Your task: Reproduce, with no edits, the line that contains "the pairwise meets" and all the lines that follow it, ending with the last line of the records.

Stored data entries
text \<open>
  Interpreted in a lattice, \<open>config_retraction\<close> maps every valuation of the variables \<open>0..5\<close> to
  a configuration and fixes configurations. In \<open>N\<^sub>5\<close> two rounds of \<open>balance\<close> are needed to make
  the pairwise meets equal; one round is not enough. Hence an inequality holding on all
  configurations of \<open>N\<^sub>5\<close> becomes, after substitution, an identity of \<open>N\<^sub>5\<close>, which transfers to
  every lattice in \<open>\<N>\<close>.
\<close>

definition config_retraction :: "('b \<Rightarrow> 'b \<Rightarrow> 'b) \<Rightarrow> ('b \<Rightarrow> 'b \<Rightarrow> 'b) \<Rightarrow> (nat \<Rightarrow> 'b) \<Rightarrow> nat \<Rightarrow> 'b" where
  "config_retraction j m v = (case balance j m (balance j m (v 0, v 1, v 2)) of (x, y, z) \<Rightarrow>
     val6 x y z (m (j (v 3) (m x y)) x) (m (j (v 4) (m x y)) y) (m (j (v 5) (m x y)) z))"

lemma eval_config_retraction:
  "eval_lt j m w (config_retraction Join Meet Var i) = config_retraction j m w i"
  by (simp add: config_retraction_def balance_def val6_def)

lemma n5_balance_twice:
  fixes x y z :: n5
  shows "case balance sup inf (balance sup inf (x, y, z)) of (x', y', z') \<Rightarrow>
    inf x' y' = inf x' z' \<and> inf x' y' = inf y' z'"
  unfolding balance_def by (cases x; cases y; cases z) simp_all

lemma balance_fixed:
  fixes x y z :: "'a::lattice"
  assumes "inf x y = inf x z" and "inf x y = inf y z"
  shows "balance sup inf (x, y, z) = (x, y, z)"
  using assms unfolding balance_def by (metis inf_le1 inf_le2 sup.absorb1 prod.case)

lemma n5_config_retraction:
  fixes v :: "nat \<Rightarrow> n5"
  defines "r \<equiv> config_retraction sup inf v"
  shows "triple_config (r 0) (r 1) (r 2) (r 3) (r 4) (r 5)"
  using n5_balance_twice[of "v 0" "v 1" "v 2"]
  unfolding r_def config_retraction_def triple_config_def
  by (auto simp: val6_def split: prod.splits intro: le_infI1 le_supI2)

Your response:
  the pairwise meets equal; one round is not enough. Hence an inequality holding on all
  configurations of \<open>N\<^sub>5\<close> becomes, after substitution, an identity of \<open>N\<^sub>5\<close>, which transfers to
  every lattice in \<open>\<N>\<close>.
\<close>

definition config_retraction :: "('b \<Rightarrow> 'b \<Rightarrow> 'b) \<Rightarrow> ('b \<Rightarrow> 'b \<Rightarrow> 'b) \<Rightarrow> (nat \<Rightarrow> 'b) \<Rightarrow> nat \<Rightarrow> 'b" where
  "config_retraction j m v = (case balance j m (balance j m (v 0, v 1, v 2)) of (x, y, z) \<Rightarrow>
     val6 x y z (m (j (v 3) (m x y)) x) (m (j (v 4) (m x y)) y) (m (j (v 5) (m x y)) z))"

lemma eval_config_retraction:
  "eval_lt j m w (config_retraction Join Meet Var i) = config_retraction j m w i"
  by (simp add: config_retraction_def balance_def val6_def)

lemma n5_balance_twice:
  fixes x y z :: n5
  shows "case balance sup inf (balance sup inf (x, y, z)) of (x', y', z') \<Rightarrow>
    inf x' y' = inf x' z' \<and> inf x' y' = inf y' z'"
  unfolding balance_def by (cases x; cases y; cases z) simp_all

lemma balance_fixed:
  fixes x y z :: "'a::lattice"
  assumes "inf x y = inf x z" and "inf x y = inf y z"
  shows "balance sup inf (x, y, z) = (x, y, z)"
  using assms unfolding balance_def by (metis inf_le1 inf_le2 sup.absorb1 prod.case)

lemma n5_config_retraction:
  fixes v :: "nat \<Rightarrow> n5"
  defines "r \<equiv> config_retraction sup inf v"
  shows "triple_config (r 0) (r 1) (r 2) (r 3) (r 4) (r 5)"
  using n5_balance_twice[of "v 0" "v 1" "v 2"]
  unfolding r_def config_retraction_def triple_config_def
  by (auto simp: val6_def split: prod.splits intro: le_infI1 le_supI2)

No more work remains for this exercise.